Required work – Produce the tally of lines in the material below that hold "noteq", without anything else.
=-=-=
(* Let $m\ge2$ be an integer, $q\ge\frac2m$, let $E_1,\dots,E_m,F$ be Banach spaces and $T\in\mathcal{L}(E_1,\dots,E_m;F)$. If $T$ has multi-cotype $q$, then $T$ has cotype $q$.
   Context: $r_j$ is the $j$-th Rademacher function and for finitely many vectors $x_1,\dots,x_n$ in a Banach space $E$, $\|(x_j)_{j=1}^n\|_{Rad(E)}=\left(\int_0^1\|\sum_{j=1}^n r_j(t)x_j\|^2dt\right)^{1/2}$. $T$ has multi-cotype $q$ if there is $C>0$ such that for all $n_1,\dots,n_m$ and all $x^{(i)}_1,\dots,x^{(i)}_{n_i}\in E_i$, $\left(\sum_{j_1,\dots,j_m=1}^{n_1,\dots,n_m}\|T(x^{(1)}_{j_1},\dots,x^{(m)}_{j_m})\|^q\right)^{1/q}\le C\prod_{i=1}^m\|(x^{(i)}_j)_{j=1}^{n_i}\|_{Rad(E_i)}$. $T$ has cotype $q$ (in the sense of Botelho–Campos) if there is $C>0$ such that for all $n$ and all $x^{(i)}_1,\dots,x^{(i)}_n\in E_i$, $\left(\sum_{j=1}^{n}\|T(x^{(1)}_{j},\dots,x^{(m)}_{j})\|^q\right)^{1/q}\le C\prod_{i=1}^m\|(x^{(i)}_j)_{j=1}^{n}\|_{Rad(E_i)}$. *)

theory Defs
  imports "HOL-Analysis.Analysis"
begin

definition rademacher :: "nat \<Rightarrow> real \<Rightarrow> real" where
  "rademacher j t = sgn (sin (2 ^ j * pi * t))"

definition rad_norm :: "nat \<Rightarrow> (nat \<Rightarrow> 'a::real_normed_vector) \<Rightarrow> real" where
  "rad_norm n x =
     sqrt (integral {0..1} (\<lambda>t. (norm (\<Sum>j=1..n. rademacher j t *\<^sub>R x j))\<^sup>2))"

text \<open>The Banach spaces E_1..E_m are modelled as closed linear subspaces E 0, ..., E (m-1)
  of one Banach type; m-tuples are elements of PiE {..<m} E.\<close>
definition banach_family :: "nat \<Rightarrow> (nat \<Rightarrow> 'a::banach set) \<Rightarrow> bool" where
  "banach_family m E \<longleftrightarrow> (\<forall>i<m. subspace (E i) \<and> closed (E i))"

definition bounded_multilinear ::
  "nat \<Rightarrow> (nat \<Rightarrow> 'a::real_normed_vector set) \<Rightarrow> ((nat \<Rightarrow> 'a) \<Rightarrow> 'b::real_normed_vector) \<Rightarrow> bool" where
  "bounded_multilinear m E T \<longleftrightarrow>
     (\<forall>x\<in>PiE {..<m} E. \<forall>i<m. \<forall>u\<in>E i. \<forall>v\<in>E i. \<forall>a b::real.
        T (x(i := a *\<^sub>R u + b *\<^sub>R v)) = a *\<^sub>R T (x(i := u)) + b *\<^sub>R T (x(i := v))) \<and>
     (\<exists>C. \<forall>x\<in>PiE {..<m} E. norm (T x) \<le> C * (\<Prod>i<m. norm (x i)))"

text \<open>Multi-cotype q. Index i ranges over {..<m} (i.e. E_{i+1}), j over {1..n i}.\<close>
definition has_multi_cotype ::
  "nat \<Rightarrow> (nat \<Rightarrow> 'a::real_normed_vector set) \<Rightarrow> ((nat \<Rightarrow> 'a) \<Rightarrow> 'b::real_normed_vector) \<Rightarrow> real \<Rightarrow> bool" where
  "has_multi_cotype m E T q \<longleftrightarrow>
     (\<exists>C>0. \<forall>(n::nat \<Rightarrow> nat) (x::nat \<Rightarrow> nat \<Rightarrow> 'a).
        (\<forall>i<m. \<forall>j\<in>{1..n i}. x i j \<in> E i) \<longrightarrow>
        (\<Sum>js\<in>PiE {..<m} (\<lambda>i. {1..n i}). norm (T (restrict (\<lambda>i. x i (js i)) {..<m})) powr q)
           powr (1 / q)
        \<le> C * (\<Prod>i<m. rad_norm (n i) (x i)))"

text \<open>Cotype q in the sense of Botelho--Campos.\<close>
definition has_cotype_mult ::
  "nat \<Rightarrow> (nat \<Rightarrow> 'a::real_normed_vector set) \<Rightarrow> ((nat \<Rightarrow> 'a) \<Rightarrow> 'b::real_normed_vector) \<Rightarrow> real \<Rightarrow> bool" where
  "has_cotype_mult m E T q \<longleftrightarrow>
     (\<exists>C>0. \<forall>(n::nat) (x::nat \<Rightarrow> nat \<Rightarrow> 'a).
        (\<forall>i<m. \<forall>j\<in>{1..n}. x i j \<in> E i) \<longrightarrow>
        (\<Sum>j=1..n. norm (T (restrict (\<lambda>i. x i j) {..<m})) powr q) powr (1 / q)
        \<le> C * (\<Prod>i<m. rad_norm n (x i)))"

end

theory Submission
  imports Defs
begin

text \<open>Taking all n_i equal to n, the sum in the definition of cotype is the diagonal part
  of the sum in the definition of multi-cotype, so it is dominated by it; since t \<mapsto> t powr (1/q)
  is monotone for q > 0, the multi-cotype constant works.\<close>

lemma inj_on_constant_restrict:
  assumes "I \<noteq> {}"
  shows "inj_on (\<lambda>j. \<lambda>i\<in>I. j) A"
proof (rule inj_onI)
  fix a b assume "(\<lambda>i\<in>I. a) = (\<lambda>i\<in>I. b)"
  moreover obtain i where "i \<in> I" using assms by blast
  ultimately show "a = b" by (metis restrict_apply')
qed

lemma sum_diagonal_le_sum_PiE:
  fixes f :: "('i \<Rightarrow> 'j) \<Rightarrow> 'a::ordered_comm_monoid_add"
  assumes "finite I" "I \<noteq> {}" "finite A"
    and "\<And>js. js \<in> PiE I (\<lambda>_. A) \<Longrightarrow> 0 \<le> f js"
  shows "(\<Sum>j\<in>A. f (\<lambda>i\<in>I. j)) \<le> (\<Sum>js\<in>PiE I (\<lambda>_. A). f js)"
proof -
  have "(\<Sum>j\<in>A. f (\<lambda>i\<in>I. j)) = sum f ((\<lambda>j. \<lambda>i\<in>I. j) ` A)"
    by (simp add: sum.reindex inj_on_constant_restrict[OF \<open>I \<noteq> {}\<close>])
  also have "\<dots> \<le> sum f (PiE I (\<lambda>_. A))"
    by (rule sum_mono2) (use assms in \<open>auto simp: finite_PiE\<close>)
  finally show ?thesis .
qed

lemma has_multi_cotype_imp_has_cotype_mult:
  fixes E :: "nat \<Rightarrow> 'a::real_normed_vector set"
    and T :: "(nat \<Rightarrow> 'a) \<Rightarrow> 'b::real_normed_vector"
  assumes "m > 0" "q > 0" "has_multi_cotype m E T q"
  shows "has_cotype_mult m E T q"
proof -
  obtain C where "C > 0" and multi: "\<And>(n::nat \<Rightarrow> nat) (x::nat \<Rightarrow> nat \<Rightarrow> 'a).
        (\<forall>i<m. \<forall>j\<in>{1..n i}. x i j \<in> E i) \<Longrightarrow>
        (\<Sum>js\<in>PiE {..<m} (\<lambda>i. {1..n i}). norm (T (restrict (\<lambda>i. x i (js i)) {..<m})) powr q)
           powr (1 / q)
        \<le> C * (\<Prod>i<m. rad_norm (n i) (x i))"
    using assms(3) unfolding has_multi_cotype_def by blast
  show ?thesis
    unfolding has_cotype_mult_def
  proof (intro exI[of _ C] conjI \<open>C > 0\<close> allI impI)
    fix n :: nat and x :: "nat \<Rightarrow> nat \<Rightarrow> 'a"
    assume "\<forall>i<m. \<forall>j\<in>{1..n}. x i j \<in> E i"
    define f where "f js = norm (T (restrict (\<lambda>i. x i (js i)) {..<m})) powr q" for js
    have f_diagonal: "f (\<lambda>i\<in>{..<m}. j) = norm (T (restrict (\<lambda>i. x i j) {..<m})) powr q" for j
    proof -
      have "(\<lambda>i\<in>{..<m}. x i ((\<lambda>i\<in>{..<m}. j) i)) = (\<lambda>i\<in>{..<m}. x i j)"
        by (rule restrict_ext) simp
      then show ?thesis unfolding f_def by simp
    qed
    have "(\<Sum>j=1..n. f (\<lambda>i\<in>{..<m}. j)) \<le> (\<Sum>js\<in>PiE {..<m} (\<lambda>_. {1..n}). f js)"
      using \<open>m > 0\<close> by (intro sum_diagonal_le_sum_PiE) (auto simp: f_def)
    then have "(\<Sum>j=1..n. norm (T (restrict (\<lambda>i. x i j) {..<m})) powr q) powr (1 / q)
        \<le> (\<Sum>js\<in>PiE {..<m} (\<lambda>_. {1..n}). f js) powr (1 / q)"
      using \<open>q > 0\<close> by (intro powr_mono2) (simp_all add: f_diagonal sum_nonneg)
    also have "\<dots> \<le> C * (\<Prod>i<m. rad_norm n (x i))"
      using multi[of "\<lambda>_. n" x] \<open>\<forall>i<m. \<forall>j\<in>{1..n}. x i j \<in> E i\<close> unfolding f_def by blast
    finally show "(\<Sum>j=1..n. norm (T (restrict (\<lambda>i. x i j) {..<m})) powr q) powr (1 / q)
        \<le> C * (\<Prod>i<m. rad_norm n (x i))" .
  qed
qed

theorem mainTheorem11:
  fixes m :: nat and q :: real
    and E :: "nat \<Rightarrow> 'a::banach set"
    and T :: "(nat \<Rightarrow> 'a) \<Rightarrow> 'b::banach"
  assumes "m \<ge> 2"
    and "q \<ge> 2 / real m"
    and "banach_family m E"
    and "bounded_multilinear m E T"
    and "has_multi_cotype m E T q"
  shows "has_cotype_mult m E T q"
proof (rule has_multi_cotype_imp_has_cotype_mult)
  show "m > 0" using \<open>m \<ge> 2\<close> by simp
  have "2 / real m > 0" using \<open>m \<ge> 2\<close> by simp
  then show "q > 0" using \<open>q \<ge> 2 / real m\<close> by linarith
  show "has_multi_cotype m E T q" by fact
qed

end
=-=-=
Task result – 3